Cross-correlation or phase correlation will tell you if the images are the same, even with noise, degradation, and horizontal or vertical offsets. Using the FFT-based methods will make it much faster than the algorithm described in the question.
The usual algorithm doesn't work for images that are not the same scale or rotation, though. You could pre-rotate or pre-scale them, but that's really processor intensive. Apparently you can also do the correlation in a log-polar space and it will be invariant to rotation, translation, and scale, but I don't know the details well enough to explain that.
MATLAB example: Registering an Image Using Normalized Cross-Correlation
Wikipedia calls this "phase correlation" and also describes making it scale- and rotation-invariant:
The method can be extended to determine rotation and scaling differences between two images by first converting the images to log-polar coordinates. Due to properties of the Fourier transform, the rotation and scaling parameters can be determined in a manner invariant to translation.
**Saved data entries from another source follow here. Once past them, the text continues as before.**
lemma qbinom_lucas:
  fixes q :: "'a::field"
  assumes q: "primitive_root q n" and "r < n" and "s < n"
  shows "qbinom q (n * a + r) (n * b + s) = of_nat (a choose b) * qbinom q r s"
  using assms(2,3)
proof (induction "n * a + r" arbitrary: a r b s)
  case 0
  then show ?case by (cases "b = 0"; cases s) (auto simp: qbinom_eq_0 binomial_eq_0)
next
  case (Suc N)
  have qn: "q ^ n = 1" and n: "0 < n"
    using q Suc.prems unfolding primitive_root_def by auto
  \<comment> \<open>the base-\<open>n\<close> digits of \<open>N = n a + r - 1\<close>\<close>
  obtain a' r' where N: "N = n * a' + r'" "r' < n"
    and a'r': "(a = a' \<and> r = Suc r') \<or> (a = Suc a' \<and> Suc r' = n \<and> r = 0)"
  proof (cases r)
    case 0
    with Suc.hyps n obtain a' where "a = Suc a'" by (cases a) auto
    with 0 Suc.hyps n show ?thesis by (intro that[of a' "n - 1"]) auto
  next
    case (Suc r')
    with \<open>Suc N = n * a + r\<close> \<open>r < n\<close> show ?thesis by (intro that[of a r']) auto
  qed
  show ?case
  proof (cases s)
    case 0
    show ?thesis
    proof (cases b)
      case (Suc b')
      have "qbinom q (n * a + r) (n * b + s) = qbinom q (Suc N) (n * Suc b')"
        using Suc.hyps(2) by (simp add: \<open>b = Suc b'\<close> 0)
      also have "\<dots> = qbinom q N (n * b' + (n - 1)) + qbinom q N (n * Suc b')"
        by (rule qbinom_Suc_mult_Suc[OF qn n])
      also have "\<dots> = of_nat (a' choose b') * qbinom q r' (n - 1) + of_nat (a' choose Suc b')"
        using Suc.hyps(1)[OF N(1), of "n - 1" b'] Suc.hyps(1)[OF N(1), of 0 "Suc b'"] N n
        by simp
      also have "\<dots> = of_nat (a choose b) * qbinom q r s"
        using a'r' \<open>r < n\<close> by (auto simp: qbinom_eq_0 0 \<open>b = Suc b'\<close>)
      finally show ?thesis .
    qed (simp add: 0)
  next
    case (Suc s')
    have "qbinom q (n * a + r) (n * b + s) = qbinom q (Suc N) (n * b + s)"
      using Suc.hyps(2) by simp
    also have "\<dots> = qbinom q N (n * b + s') + q ^ s * qbinom q N (n * b + s)"
      using qbinom_Suc_mult_add[OF qn, of s] Suc by simp
    also have "\<dots> = of_nat (a' choose b) * qbinom q (Suc r') s"
      using Suc.hyps(1)[OF N(1), of s' b] Suc.hyps(1)[OF N(1), of s b] N \<open>s < n\<close>
      by (simp add: qbinom_Suc_Suc Suc algebra_simps)
    also have "\<dots> = of_nat (a choose b) * qbinom q r s"
      using a'r' qbinom_primitive_root_eq_0[OF q, of s] \<open>s < n\<close> Suc
      by (auto simp: qbinom_eq_0)
    finally show ?thesis .
  qed
qed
Colour histogram is good for the same image that has been resized, resampled etc.
If you want to match different people's photos of the same landmark it's trickier - look at haar classifiers. Opencv is a great free library for image processing.
I don't know the algorithm behind it, but Microsoft Live Image Search just added this capability. Picasa also has the ability to identify faces in images, and groups faces that look similar. Most of the time, it's the same person.
Some machine learning technology like a support vector machine, neural network, naive Bayes classifier or Bayesian network would be best at this type of problem. I've written one each of the first three to classify handwritten digits, which is essentially image pattern recognition.
resize the image to a 1x1 pixle... if they are exact, there is a small probability they are the same picture...
now resize it to a 2x2 pixle image, if all 4 pixles are exact, there is a larger probability they are exact...
then 3x3, if all 9 pixles are exact... good chance etc.
then 4x4, if all 16 pixles are exact,... better chance.
etc...
doing it this way, you can make efficiency improvments... if the 1x1 pixel grid is off by a lot, why bother checking 2x2 grid? etc.
If you have lots of images, a color histogram could be used to get rough closeness of images before doing a full image comparison of each image against each other one (i.e. O(n^2)).
There is DPEG, "The" Duplicate Media Manager, but its code is not open. It's a very old tool - I remember using it in 2003.
You could use diff to see if they are REALLY different.. I guess it will remove lots of useless comparison. Then, for the algorithm, I would use a probabilistic approach.. what are the chances that they look the same.. I'd based that on the amount of rgb in each pixel. You could also find some other metrics such as luminosity and stuff like that.